Day 14 - 30 Day Writing Challenge

Day 14 - Post your favorite movies, the ones you never get tired of watching.

I'm not super-excited by this prompt. It's boring.

The Royal Tenenbaums
Amelie
Clue
Lilo and Stitch
The Princess Bride
Labyrinth
Legend
Storks
Talladega Nights
French Kiss
7 Brides for 7 Brothers
Disney's Robin Hood
The Sword in the Stone
The Addams Family
The Emperor's New Groove

Thursday, May 10, 2018

Day 13 - 30 Day Writing Challenge

Day 13 - What are you excited about?

Sooo much potential


This is a weirdly difficult question for me to answer. I get excited about everything: stickers, yarn, funny t-shirts, The Magicians, new projects, going to the movies, playing board games, learning new things, eating out, new books - the list goes on and on.

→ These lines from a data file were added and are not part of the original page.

lemma first_exit_time:
  fixes \<phi> :: "real \<Rightarrow> real"
  assumes cont: "continuous_on {0..t} \<phi>" and "0 \<le> t" "\<phi> 0 < \<epsilon>" "\<epsilon> \<le> \<phi> t"
  obtains t0 where "0 < t0" "t0 \<le> t" "\<epsilon> \<le> \<phi> t0" "\<And>s. 0 \<le> s \<Longrightarrow> s < t0 \<Longrightarrow> \<phi> s < \<epsilon>"
proof -
  define S where "S = {0..t} \<inter> \<phi> -` {\<epsilon>..}"
  have "closed S"
    unfolding S_def by (intro continuous_closed_preimage cont) auto
  moreover have "t \<in> S" "bdd_below S"
    using assms by (auto simp: S_def)
  ultimately have "Inf S \<in> S"
    using closed_contains_Inf by blast
  moreover have "\<phi> s < \<epsilon>" if "0 \<le> s" "s < Inf S" for s
    using cInf_lower[of s S] \<open>bdd_below S\<close> \<open>t \<in> S\<close> cInf_lower[of t S] that by (force simp: S_def)
  ultimately show thesis
    using that[of "Inf S"] \<open>\<phi> 0 < \<epsilon>\<close> by (force simp: S_def)
qed

locale quadratic_lyapunov =
  fixes g :: "'a::euclidean_space \<Rightarrow> 'a" and e :: 'a and B :: "'a \<Rightarrow> 'a \<Rightarrow> real"
    and m K \<gamma> \<rho> :: real
  assumes bounded_bilinear: "bounded_bilinear B"
    and commute: "\<And>z h. B z h = B h z"
    and m_pos: "m > 0" and lower: "\<And>z. m * (norm z)\<^sup>2 \<le> B z z"
    and upper: "\<And>z. B z z \<le> K * (norm z)\<^sup>2"
    and \<rho>_pos: "\<rho> > 0" and \<gamma>_pos: "\<gamma> > 0"
    and decrease: "\<And>y. norm (y - e) < \<rho> \<Longrightarrow> B (y - e) (g y) \<le> - \<gamma> * (norm (y - e))\<^sup>2"
begin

It doesn't take much to get me pumped up.

I guess what really excites me is when I access that zone. I'm sure most people experience the zone I'm talking about. It's like your whole being is plugged into the source of creation. It's like you have access to all of your potential at the same time. It feels like every good idea you are capable of having is suddenly available, like you are finally vibrating at the right wavelength and you are whole. Your hands know just what to do, your body is confident in it's execution of your vision, even if the vision changes. Everything else falls away. Nothing impedes you. Nothing exists outside of your work. It's euphoria and bliss and peak efficiency. I've gotten that feeling while writing, painting, sculpting, drawing, and meditating so anything can make it happen. I've even felt it while during writing classes and while plotting to start a business.

That moment is what excites me. I want to live my life in such a way that I can experience the zone as frequently as I can. That's the goal.

Wednesday, May 9, 2018

Day 12 - 30 Day Writing Challenge

Day 12 - Write about 5 blessings in your life



Well, I have a lot of blessings in my life so I definitely want to complete this post! I've been sick since Sunday night so I am not in my prime and I really want to take a nap BUT I want to put something on the blog. So here we go, in no particular order:

1. My friends. You guys, I have the best friends. When I doubt myself or need help, they are right there. They check on me when I am sick! They love my kiddo. Having friends is such an amazing blessing because you choose each other. You have no formal obligation to each other but you choose each other every day. You tease each other about shortcomings but you also support each other through the hard times and you just do it because you love each other. I can't imagine greater riches than friendship.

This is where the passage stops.